Re: [patch 0/3] lib/percpu_counter, cpu/hotplug: Cure the cpu_dying_mask woes

From: Dennis Zhou
Date: Sat Dec 30 2023 - 17:39:32 EST


Hello,

On Fri, Apr 14, 2023 at 06:30:42PM +0200, Thomas Gleixner wrote:
> Hi!
>
> The cpu_dying_mask is not only undocumented but also to some extent a
> misnomer. It's purpose is to capture the last direction of a cpu_up() or
> cpu_down() operation taking eventual rollback operations into account.
>
> cpu_dying mask is not really useful for general consumption. The
> cpu_dying_mask bits are sticky even after cpu_up() or cpu_down() completes.
>
> A recent fix to plug a race in the per CPU counter code picked
> cpu_dying_mask to cure it. Unfortunately this does not work as the author
> probably expected and the behaviour of cpu_dying_mask is not easy to change
> without breaking the only other and initial user, the scheduler.
>
> This series addresses this by:
>
> 1) Reworking the per CPU counter hotplug mechanism so the race is fully
> plugged without using cpu_dying_mask
>
> 2) Replacing the cpu_dying_mask logic with hotplug core internal state
> which is exposed to the scheduler with a properly documented
> function.
>
> The series is also available from git:
>
> git://git.kernel.org/pub/scm/linux/kernel/git/tglx/devel.git smp/dying_mask
>
> Thanks
>
> tglx
> ---
> include/linux/cpuhotplug.h | 2 -
> include/linux/cpumask.h | 21 ----------------
> kernel/cpu.c | 45 +++++++++++++++++++++++++++++------
> kernel/sched/core.c | 4 +--
> kernel/smpboot.h | 2 +
> lib/percpu_counter.c | 57 +++++++++++++++++++--------------------------
> 6 files changed, 67 insertions(+), 64 deletions(-)

This has been on my mind and regretfully it's been a busy year for me.
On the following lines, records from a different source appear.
text \<open>The set where \<open>u - h\<close> attains a positive maximum over \<open>A\<close> would be closed under taking
  neighbours, yet finite.\<close>
lemma comparison_principle:
  assumes "finite A"
    and "\<And>x. x \<in> A \<Longrightarrow> (\<lambda>y. b x y * sgn_powr (u x - u y) (p - 1)) summable_on UNIV"
    and "\<And>x. x \<in> A \<Longrightarrow> (\<lambda>y. b x y * sgn_powr (h x - h y) (p - 1)) summable_on UNIV"
    and "\<And>x. x \<in> A \<Longrightarrow> lap u x \<le> lap h x"
    and "\<And>x y. x \<in> A \<Longrightarrow> 0 < b x y \<Longrightarrow> y \<notin> A \<Longrightarrow> u y \<le> h y"
    and "x \<in> A"
  shows "u x \<le> h x"
proof (rule ccontr)
  assume "\<not> u x \<le> h x"
  define \<delta> where "\<delta> = Max ((\<lambda>x. u x - h x) ` A)"
  have le_\<delta>: "u y - h y \<le> \<delta>" if "y \<in> A" for y
    unfolding \<delta>_def using assms(1) that by simp
  have "0 < \<delta>"
    using le_\<delta>[OF assms(6)] \<open>\<not> u x \<le> h x\<close> by simp
  define P where "P = {x \<in> A. u x - h x = \<delta>}"
  have "\<delta> \<in> (\<lambda>x. u x - h x) ` A"
    unfolding \<delta>_def using assms(1,6) by (intro Max_in) auto
  then obtain x1 where "x1 \<in> P"
    by (auto simp: P_def)
  moreover have "finite P"
    using assms(1) by (simp add: P_def)
  ultimately obtain x' y where edge: "0 < b x' y" "x' \<in> P" "y \<notin> P"
    using exists_edge_leaving by blast
  have x'_A: "x' \<in> A" and x'_max: "u x' - h x' = \<delta>"
    using edge(2) by (auto simp: P_def)
  have nb: "u y' - h y' \<le> \<delta>" if "0 < b x' y'" for y'
  proof (cases "y' \<in> A")
    case False
    then show ?thesis
      using assms(5)[OF x'_A that] \<open>0 < \<delta>\<close> by simp
  qed (rule le_\<delta>)
  have "u y - h y = \<delta>"
    by (rule lap_le_imp_max_at_neighbours[OF assms(2-4)[OF x'_A] x'_max nb edge(1)])
  moreover have "y \<in> A"
  proof (rule ccontr)
    assume "y \<notin> A"
    then show False
      using assms(5)[OF x'_A edge(1)] \<open>u y - h y = \<delta>\<close> \<open>0 < \<delta>\<close> by simp
  qed
  ultimately show False
    using edge(3) by (simp add: P_def)
qed

lemma lap_at_strict_mono:
  assumes "range v \<subseteq> {0..1}" "s < t"
  shows "lap_at x s v < lap_at x t v"
proof -
  obtain y where "0 < b x y"
    using has_neighbour by blast
  then show ?thesis
    unfolding lap_at_def using assms p_gt_1
    by (intro infsum_strict_mono[where x = y] summable_lap_at_terms mult_left_mono
        mult_strict_left_mono sgn_powr_mono sgn_powr_strict_mono) (auto simp: b_nonneg)
qed

text \<open>One Jacobi step for the Dirichlet problem on \<open>A\<close>: at every point of \<open>A\<close> the value is replaced
  by one that makes the Laplacian vanish there, all other values being frozen.\<close>
definition relax :: "'a set \<Rightarrow> ('a \<Rightarrow> real) \<Rightarrow> 'a \<Rightarrow> real" where
  "relax A v x = (if x \<in> A then SOME s. s \<in> {0..1} \<and> lap_at x s v = 0 else v x)"

lemma relax_root:
  assumes "range v \<subseteq> {0..1}" "x \<in> A"
  shows "relax A v x \<in> {0..1}" "lap_at x (relax A v x) v = 0"
proof -
  have "\<exists>s. s \<in> {0..1} \<and> lap_at x s v = 0"
    using IVT'[of "\<lambda>s. lap_at x s v" 0 0 1] lap_at_0_le_1[OF assms(1)] continuous_on_lap_at[OF assms(1)]
    by auto
  from someI_ex[OF this] show "relax A v x \<in> {0..1}" "lap_at x (relax A v x) v = 0"
    using assms(2) by (simp_all add: relax_def)
qed

lemma range_relax:
  assumes "range v \<subseteq> {0..1}"
  shows "range (relax A v) \<subseteq> {0..1}"
proof -
  have "relax A v x \<in> {0..1}" for x
    using relax_root(1)[OF assms, of x A] assms by (cases "x \<in> A") (auto simp: relax_def image_subset_iff)
  then show ?thesis by blast
qed

lemma relax_mono:
  assumes "range v \<subseteq> {0..1}" "range w \<subseteq> {0..1}" "\<And>y. v y \<le> w y"
  shows "relax A v x \<le> relax A w x"
proof (cases "x \<in> A")
  case True
  show ?thesis
  proof (rule ccontr)
    assume "\<not> relax A v x \<le> relax A w x"
    then have "lap_at x (relax A w x) v < lap_at x (relax A v x) v"
      using lap_at_strict_mono[OF assms(1)] by simp
    moreover have "lap_at x (relax A w x) w \<le> lap_at x (relax A w x) v"
      by (rule lap_at_antimono[OF assms])
    ultimately show False
      using relax_root(2)[OF assms(1) True] relax_root(2)[OF assms(2) True] by simp
  qed
next
  case False
  then show ?thesis
    using assms(3) by (simp add: relax_def)
qed

lemma subsolution_le_relax:
  assumes "range v \<subseteq> {0..1}" "\<And>x. x \<in> A \<Longrightarrow> lap v x \<le> 0"
  shows "v x \<le> relax A v x"
proof (cases "x \<in> A")
  case True
  show ?thesis
  proof (rule ccontr)
    assume "\<not> v x \<le> relax A v x"
    then have "lap_at x (relax A v x) v < lap_at x (v x) v"
      using lap_at_strict_mono[OF assms(1)] by simp
    then show False
      using relax_root(2)[OF assms(1) True] assms(2)[OF True] by (simp add: lap_eq_lap_at)
  qed
qed (simp add: relax_def)

text \<open>The Jacobi iteration started at a subsolution increases pointwise, and its limit solves the
  Dirichlet problem.\<close>
lemma dirichlet_solution_above_subsolution:
  assumes "range v0 \<subseteq> {0..1}" "\<And>x. x \<in> A \<Longrightarrow> lap v0 x \<le> 0"
  shows "\<exists>v. range v \<subseteq> {0..1} \<and> (\<forall>y. v0 y \<le> v y) \<and> (\<forall>y. y \<notin> A \<longrightarrow> v y = v0 y) \<and>
    (\<forall>x\<in>A. lap v x = 0)"
proof -
  define V where "V k = (relax A ^^ k) v0" for k
  have V_Suc: "V (Suc k) = relax A (V k)" for k
    by (simp add: V_def)
  have V_range: "range (V k) \<subseteq> {0..1}" for k
    by (induction k) (simp_all add: V_def assms(1) range_relax)
  have V_inc: "V k y \<le> V (Suc k) y" for k y
  proof (induction k arbitrary: y)
    case 0
    show ?case using subsolution_le_relax[OF assms] by (simp add: V_def)
  next
    case (Suc k)
    show ?case using relax_mono[OF V_range V_range Suc.IH] by (simp add: V_Suc)
  qed
  have V_off: "V k y = v0 y" if "y \<notin> A" for k y
    using that by (induction k) (simp_all add: V_def relax_def)
  obtain v where V_lim: "\<And>y. (\<lambda>k. V k y) \<longlonglongrightarrow> v y" and "range v \<subseteq> {0..1}" "\<And>k y. V k y \<le> v y"
    using incseq_unit_functions_limit[of V, OF V_inc V_range] by blast
  moreover have "v0 y \<le> v y" for y
    using \<open>V 0 y \<le> v y\<close> by (simp add: V_def)
  moreover have "v y = v0 y" if "y \<notin> A" for y
    using V_lim[of y] V_off[OF that] by (simp add: LIMSEQ_const_iff)
  moreover have "lap v x = 0" if "x \<in> A" for x
  proof -
    have "(\<lambda>k. lap_at x (V (Suc k) x) (V k)) \<longlonglongrightarrow> lap_at x (v x) v"
      using V_range by (intro tendsto_lap_at LIMSEQ_Suc V_lim) (auto simp: image_subset_iff)
    moreover have "lap_at x (V (Suc k) x) (V k) = 0" for k
      using relax_root(2)[OF V_range that] by (simp add: V_Suc)
    ultimately show ?thesis
      by (simp add: lap_eq_lap_at LIMSEQ_const_iff)
  qed
  ultimately show ?thesis
    by blast
qed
I know the merge window is around the corner, but I rebased this series
onto percpu#for-6.8 [1]. I had to massage percpu_counter slightly due
to some changes but other than that it largely is intact. I need to do a
little bit of a more thorough pass and re-send it out, but I think it
remains correct to merge. I can then pull it, give it a few days to soak
in for-next and then send it to Linus either in a follow up PR or in the
2nd week of the merge window.

Thomas, how does this sound to you?

[1] https://git.kernel.org/pub/scm/linux/kernel/git/dennis/percpu.git/log/?h=percpu-hotplug

Thanks,
Dennis